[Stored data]

◆ ◆ ◆

lemma cm_plus_sigma_compact_mod3_semifilter:
  "cm_plus_sigma_compact (semifilter_space mod3_semifilter)"
  unfolding cm_plus_sigma_compact_def
proof (intro exI conjI)
  define A where "A = infinitely_true_on {n. n mod 3 = 0}"
  define \<K> where "\<K> = range (constant_beyond {n. n mod 3 = 1} True) \<union>
    range (constant_beyond {n. n mod 3 = 2} True)"
  have B: "\<Union>\<K> = cofinitely_true_on {n. n mod 3 = 1} \<union> cofinitely_true_on {n. n mod 3 = 2}"
    by (auto simp: \<K>_def cofinitely_true_on_eq_Union)
  show "A \<union> \<Union>\<K> = topspace (semifilter_space mod3_semifilter)"
    by (simp add: A_def B char_fun_image_mod3_semifilter)
  then have "A \<subseteq> char_fun ` mod3_semifilter" "\<Union>\<K> \<subseteq> char_fun ` mod3_semifilter"
    by auto
  moreover have "countable \<K>" "\<And>K. K \<in> \<K> \<Longrightarrow> closedin cantor_space K"
    by (auto simp: \<K>_def closedin_constant_beyond)
  ultimately show "completely_metrizable_space (subtopology (semifilter_space mod3_semifilter) A)"
    and "sigma_compact_space (subtopology (semifilter_space mod3_semifilter) (\<Union>\<K>))"
    by (simp_all only: subtopology_semifilter_space A_def completely_metrizable_space_gdelta_in
        completely_metrizable_space_cantor_space gdelta_in_infinitely_true_on
        sigma_compact_space_subtopology_Union compact_space_cantor_space)
qed

definition supported_in_3N :: "(nat \<Rightarrow> bool) \<Rightarrow> nat \<Rightarrow> (nat \<Rightarrow> bool) set" where
  "supported_in_3N a n = cylinder a n \<inter> constant_beyond {i. i mod 3 \<noteq> 0} False n \<inter>
     infinitely_true_on {i. i mod 3 = 0}"

lemma supported_in_3N_subset: "supported_in_3N a n \<subseteq> cylinder a n \<inter> char_fun ` mod3_semifilter"
  by (auto simp: supported_in_3N_def char_fun_image_mod3_semifilter)

lemma supported_in_3N_nonempty: "supported_in_3N a n \<noteq> {}"
proof -
  define d where "d = (\<lambda>i. if i < n then a i else i mod 3 = 0)"
  have "d \<in> cylinder a n" "d \<in> constant_beyond {i. i mod 3 \<noteq> 0} False n"
    by (simp_all add: d_def cylinder_def constant_beyond_def)
  moreover have "d \<in> infinitely_true_on {i. i mod 3 = 0}"
    unfolding d_def by (rule patch_in_infinitely_true_on) (simp add: infinite_residue_class)
  ultimately show ?thesis
    unfolding supported_in_3N_def by blast
qed

lemma completely_metrizable_space_supported_in_3N:
  "completely_metrizable_space (subtopology cantor_space (supported_in_3N a n))"
proof -
  have "gdelta_in cantor_space (supported_in_3N a n)"
    unfolding supported_in_3N_def
    by (intro gdelta_in_Int closed_imp_gdelta_in metrizable_space_cantor_space closedin_cylinder
        closedin_constant_beyond gdelta_in_infinitely_true_on)
  then show ?thesis
    by (simp add: completely_metrizable_space_cantor_space completely_metrizable_space_gdelta_in)
qed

◆ ◆ ◆

### EXERCISE
Having found the line with "(subtopology cantor_space (supported_in_3N", transcribe it and each line after it to the end of the entries, with no other lines.

### RESPONSE BELOW
  "completely_metrizable_space (subtopology cantor_space (supported_in_3N a n))"
proof -
  have "gdelta_in cantor_space (supported_in_3N a n)"
    unfolding supported_in_3N_def
    by (intro gdelta_in_Int closed_imp_gdelta_in metrizable_space_cantor_space closedin_cylinder
        closedin_constant_beyond gdelta_in_infinitely_true_on)
  then show ?thesis
    by (simp add: completely_metrizable_space_cantor_space completely_metrizable_space_gdelta_in)
qed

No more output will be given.